··· Source material ···

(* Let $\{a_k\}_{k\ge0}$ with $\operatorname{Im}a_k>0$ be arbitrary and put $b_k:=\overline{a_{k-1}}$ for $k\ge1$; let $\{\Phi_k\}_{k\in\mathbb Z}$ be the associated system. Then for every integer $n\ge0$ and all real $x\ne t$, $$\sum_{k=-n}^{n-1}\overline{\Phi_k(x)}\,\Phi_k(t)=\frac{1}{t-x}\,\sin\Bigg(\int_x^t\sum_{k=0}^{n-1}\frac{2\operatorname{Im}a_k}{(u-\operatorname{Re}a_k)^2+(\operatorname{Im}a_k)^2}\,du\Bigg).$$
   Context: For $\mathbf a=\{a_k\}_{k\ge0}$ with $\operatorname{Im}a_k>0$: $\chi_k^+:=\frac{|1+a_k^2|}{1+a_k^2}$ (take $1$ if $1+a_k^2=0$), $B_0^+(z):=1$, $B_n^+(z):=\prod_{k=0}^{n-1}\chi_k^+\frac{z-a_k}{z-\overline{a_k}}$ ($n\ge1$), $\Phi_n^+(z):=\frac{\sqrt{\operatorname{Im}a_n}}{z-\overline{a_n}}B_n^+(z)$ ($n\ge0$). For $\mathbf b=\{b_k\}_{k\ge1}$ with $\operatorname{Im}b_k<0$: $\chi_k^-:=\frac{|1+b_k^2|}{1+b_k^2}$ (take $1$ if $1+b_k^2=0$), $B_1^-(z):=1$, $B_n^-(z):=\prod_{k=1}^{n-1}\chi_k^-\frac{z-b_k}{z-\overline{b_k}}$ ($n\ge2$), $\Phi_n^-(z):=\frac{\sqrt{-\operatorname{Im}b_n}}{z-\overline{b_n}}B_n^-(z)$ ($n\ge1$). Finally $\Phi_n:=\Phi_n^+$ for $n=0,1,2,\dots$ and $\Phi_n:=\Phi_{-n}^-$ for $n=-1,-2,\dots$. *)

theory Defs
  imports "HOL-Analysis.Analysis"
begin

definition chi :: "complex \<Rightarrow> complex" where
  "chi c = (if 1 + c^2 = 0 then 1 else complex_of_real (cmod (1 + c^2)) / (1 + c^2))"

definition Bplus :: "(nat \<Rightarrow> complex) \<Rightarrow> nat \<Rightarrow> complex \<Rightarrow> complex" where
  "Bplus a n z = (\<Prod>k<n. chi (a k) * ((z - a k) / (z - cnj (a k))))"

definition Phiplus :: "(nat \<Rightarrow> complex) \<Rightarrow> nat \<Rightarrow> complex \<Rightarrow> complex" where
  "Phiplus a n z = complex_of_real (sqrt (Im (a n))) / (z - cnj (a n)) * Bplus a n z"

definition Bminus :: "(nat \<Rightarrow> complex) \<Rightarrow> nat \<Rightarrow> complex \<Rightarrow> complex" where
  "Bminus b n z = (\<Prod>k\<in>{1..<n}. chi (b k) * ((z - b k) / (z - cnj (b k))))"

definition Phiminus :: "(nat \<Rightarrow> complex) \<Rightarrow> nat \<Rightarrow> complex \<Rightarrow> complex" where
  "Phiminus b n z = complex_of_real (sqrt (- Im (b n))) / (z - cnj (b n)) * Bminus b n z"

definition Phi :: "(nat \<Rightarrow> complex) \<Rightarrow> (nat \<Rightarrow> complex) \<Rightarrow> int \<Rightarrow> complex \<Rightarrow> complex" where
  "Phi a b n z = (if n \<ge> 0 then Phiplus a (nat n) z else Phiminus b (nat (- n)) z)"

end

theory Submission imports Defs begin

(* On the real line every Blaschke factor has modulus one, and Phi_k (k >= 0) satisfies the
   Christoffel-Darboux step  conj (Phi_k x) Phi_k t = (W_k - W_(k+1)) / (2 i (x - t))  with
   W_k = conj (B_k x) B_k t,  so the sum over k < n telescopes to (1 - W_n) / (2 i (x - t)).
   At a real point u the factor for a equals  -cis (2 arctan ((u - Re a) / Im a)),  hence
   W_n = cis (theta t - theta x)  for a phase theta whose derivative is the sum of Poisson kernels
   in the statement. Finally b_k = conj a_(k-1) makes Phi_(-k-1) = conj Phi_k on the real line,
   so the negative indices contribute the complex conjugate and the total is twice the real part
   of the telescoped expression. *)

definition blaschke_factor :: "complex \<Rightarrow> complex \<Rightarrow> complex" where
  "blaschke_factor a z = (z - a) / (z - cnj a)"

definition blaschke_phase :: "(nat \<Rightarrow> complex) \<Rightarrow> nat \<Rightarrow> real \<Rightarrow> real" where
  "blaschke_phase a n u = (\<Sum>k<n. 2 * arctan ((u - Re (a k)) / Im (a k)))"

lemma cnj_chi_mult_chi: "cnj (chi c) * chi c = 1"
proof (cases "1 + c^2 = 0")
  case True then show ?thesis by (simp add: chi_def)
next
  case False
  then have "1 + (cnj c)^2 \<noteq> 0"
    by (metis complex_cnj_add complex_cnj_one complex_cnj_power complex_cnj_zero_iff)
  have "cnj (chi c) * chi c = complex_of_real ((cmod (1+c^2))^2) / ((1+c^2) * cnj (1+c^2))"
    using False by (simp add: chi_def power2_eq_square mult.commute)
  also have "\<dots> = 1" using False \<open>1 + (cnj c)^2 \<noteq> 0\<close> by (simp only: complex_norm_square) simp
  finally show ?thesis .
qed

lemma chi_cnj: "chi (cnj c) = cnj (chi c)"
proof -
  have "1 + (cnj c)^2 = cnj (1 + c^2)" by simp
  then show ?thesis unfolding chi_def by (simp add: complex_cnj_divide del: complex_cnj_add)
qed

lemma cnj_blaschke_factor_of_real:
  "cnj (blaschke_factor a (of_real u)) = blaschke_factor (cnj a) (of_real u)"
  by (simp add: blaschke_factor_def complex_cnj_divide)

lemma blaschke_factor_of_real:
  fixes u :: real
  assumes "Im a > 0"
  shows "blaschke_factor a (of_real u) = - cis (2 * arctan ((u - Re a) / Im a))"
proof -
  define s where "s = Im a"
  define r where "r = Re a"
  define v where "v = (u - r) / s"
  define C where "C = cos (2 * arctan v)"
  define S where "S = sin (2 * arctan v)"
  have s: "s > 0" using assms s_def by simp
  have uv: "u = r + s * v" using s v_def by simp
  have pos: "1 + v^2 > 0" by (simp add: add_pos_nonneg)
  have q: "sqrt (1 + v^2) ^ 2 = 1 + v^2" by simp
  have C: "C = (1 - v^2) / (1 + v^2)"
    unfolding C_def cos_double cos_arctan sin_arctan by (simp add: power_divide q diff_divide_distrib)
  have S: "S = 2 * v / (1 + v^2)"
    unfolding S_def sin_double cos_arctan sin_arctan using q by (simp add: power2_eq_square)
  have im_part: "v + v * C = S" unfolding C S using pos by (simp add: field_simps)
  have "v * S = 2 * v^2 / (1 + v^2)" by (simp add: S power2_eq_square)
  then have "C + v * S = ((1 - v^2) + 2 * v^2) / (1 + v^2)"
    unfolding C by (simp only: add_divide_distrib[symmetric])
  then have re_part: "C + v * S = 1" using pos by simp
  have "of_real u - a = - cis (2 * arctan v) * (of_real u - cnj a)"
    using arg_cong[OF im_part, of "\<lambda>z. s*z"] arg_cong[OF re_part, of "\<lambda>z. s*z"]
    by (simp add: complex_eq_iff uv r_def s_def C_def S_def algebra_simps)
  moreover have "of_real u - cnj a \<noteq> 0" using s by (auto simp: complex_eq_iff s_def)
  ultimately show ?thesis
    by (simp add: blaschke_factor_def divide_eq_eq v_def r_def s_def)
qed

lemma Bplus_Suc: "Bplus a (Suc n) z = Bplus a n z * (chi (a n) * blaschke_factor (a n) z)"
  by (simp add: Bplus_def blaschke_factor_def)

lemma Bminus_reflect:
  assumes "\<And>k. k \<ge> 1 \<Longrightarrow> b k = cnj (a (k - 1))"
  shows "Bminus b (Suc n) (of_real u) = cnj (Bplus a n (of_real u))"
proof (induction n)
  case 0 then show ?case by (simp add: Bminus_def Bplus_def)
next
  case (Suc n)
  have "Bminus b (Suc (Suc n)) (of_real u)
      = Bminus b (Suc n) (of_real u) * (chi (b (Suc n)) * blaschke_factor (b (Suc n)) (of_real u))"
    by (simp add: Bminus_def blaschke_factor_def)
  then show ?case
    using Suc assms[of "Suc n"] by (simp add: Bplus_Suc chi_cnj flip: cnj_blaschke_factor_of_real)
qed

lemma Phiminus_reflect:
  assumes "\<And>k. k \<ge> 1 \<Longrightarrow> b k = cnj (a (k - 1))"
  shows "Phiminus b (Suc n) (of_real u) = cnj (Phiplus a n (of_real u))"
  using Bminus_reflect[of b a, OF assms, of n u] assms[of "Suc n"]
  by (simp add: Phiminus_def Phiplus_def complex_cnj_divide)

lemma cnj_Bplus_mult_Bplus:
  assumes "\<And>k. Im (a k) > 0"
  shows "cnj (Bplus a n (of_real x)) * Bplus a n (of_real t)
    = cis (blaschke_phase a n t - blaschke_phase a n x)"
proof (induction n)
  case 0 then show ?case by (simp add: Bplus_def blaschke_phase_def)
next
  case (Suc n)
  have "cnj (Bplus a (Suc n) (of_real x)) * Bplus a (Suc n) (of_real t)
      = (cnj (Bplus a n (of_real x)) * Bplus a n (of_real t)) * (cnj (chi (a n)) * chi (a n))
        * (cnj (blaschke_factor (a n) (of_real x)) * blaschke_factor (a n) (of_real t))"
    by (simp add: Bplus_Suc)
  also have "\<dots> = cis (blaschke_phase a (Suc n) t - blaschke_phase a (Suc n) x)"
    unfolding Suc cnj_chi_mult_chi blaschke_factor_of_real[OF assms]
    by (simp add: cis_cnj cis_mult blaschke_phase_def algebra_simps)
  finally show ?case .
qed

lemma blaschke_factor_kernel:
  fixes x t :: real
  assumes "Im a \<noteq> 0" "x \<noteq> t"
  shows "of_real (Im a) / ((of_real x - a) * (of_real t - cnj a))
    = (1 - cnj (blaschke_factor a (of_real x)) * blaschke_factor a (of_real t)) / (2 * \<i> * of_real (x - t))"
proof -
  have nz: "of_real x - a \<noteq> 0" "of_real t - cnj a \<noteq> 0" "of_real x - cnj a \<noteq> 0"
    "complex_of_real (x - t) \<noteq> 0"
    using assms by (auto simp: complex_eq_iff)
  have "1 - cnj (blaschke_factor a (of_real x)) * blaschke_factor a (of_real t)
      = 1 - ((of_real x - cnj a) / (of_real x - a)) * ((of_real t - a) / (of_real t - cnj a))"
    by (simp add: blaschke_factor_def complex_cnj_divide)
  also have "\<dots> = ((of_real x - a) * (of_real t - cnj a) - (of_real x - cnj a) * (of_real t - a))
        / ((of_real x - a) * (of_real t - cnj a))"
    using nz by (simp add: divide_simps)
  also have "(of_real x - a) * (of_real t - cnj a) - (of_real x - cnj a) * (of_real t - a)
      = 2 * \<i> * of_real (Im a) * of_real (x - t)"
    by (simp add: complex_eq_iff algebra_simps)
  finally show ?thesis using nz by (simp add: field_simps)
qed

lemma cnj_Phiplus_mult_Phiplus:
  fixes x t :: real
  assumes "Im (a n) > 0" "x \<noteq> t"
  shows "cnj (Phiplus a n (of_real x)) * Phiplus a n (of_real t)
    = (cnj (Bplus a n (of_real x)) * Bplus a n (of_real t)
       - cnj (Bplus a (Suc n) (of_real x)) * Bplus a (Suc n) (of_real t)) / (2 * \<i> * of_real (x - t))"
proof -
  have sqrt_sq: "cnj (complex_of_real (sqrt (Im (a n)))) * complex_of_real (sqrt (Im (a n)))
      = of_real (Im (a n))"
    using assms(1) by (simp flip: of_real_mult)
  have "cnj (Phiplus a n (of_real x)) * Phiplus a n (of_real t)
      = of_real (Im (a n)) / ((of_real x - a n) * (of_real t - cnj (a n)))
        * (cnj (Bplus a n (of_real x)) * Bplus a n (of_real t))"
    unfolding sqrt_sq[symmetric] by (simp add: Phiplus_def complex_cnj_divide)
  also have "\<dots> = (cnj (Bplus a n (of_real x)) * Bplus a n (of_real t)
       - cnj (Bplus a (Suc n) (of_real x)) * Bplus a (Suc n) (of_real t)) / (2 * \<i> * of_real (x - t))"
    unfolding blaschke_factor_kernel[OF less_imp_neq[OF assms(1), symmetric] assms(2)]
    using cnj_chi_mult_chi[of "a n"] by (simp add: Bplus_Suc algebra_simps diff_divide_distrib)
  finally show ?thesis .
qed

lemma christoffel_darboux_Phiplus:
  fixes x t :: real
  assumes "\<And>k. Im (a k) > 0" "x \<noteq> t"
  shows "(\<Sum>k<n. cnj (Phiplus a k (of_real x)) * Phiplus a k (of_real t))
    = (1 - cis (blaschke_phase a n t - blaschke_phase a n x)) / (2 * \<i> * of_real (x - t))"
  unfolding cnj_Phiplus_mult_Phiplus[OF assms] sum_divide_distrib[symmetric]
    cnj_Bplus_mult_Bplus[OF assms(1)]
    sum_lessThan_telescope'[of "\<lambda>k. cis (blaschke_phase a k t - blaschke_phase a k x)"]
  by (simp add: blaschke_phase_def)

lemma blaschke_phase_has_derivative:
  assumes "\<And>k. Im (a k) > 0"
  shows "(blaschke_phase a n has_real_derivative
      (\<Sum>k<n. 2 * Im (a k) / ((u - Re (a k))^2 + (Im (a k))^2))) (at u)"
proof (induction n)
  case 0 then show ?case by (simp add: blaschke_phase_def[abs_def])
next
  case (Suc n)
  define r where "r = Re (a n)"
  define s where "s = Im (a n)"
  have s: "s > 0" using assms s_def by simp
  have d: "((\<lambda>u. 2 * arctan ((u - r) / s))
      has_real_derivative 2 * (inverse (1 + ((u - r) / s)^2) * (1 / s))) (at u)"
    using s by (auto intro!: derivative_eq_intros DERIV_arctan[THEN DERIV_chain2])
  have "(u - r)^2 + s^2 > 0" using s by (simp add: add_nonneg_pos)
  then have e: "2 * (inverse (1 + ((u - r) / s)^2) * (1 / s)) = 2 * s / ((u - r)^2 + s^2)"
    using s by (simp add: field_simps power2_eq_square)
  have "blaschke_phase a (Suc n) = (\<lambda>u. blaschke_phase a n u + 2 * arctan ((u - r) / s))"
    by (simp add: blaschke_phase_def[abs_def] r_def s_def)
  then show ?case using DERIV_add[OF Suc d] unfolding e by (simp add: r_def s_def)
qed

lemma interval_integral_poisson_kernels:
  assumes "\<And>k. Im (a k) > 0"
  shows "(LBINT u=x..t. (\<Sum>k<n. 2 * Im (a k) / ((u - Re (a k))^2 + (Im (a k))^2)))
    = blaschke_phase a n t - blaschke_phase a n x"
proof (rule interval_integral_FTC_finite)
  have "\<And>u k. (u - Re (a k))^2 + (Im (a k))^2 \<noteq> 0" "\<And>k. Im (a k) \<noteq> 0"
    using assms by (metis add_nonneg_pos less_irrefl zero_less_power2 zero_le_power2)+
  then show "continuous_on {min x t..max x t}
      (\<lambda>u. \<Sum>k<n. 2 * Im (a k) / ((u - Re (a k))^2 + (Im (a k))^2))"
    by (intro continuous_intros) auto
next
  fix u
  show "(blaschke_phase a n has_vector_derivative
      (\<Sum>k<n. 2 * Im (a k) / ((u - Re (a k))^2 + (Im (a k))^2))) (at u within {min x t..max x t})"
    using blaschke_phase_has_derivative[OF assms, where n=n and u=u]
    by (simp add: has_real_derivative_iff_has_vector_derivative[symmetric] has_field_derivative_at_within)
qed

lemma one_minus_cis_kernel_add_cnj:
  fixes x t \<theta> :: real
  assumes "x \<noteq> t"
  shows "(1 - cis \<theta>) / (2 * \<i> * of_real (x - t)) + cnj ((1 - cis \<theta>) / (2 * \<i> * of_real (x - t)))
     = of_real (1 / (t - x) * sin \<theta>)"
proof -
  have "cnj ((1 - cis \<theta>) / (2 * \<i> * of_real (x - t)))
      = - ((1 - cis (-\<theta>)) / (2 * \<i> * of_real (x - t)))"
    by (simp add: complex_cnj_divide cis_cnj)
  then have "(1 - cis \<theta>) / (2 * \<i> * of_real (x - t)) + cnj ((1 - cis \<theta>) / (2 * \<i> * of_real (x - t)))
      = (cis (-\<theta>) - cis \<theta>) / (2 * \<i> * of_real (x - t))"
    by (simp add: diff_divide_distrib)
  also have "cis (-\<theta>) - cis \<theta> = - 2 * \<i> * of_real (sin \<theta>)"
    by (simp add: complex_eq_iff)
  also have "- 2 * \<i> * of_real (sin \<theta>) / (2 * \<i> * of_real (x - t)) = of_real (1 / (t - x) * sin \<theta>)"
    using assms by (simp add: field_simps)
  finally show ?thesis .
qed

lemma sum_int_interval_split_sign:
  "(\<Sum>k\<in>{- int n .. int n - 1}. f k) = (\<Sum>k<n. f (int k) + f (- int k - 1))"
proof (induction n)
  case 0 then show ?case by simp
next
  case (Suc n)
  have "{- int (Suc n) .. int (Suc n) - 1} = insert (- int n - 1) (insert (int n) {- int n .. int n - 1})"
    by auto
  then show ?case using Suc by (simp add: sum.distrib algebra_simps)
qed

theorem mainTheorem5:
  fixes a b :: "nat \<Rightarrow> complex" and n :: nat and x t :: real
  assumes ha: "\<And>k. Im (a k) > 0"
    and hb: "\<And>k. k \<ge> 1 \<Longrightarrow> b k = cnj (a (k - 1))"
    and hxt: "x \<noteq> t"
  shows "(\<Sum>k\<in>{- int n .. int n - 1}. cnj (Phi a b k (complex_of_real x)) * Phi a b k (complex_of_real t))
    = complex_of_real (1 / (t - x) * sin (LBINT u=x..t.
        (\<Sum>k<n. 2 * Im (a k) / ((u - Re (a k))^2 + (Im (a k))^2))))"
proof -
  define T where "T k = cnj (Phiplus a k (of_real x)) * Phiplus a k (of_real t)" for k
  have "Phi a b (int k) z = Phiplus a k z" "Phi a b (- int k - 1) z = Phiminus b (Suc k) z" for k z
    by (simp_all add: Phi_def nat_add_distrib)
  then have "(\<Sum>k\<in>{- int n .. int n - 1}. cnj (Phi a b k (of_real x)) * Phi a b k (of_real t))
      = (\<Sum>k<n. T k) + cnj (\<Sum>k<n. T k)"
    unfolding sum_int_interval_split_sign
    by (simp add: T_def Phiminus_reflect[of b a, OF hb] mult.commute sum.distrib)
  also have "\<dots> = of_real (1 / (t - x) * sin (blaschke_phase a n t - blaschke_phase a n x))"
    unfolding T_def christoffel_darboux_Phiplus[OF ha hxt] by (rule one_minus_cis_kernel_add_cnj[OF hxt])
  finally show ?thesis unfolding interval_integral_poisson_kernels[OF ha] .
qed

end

···

• [Work task]: Your answer should consist of the lines from the line with "so the negative" to the line with "a) / (z - cnj" above, repeated exactly, both ends included.

• [Exercise response]:
   so the negative indices contribute the complex conjugate and the total is twice the real part
   of the telescoped expression. *)

definition blaschke_factor :: "complex \<Rightarrow> complex \<Rightarrow> complex" where
  "blaschke_factor a z = (z - a) / (z - cnj a)"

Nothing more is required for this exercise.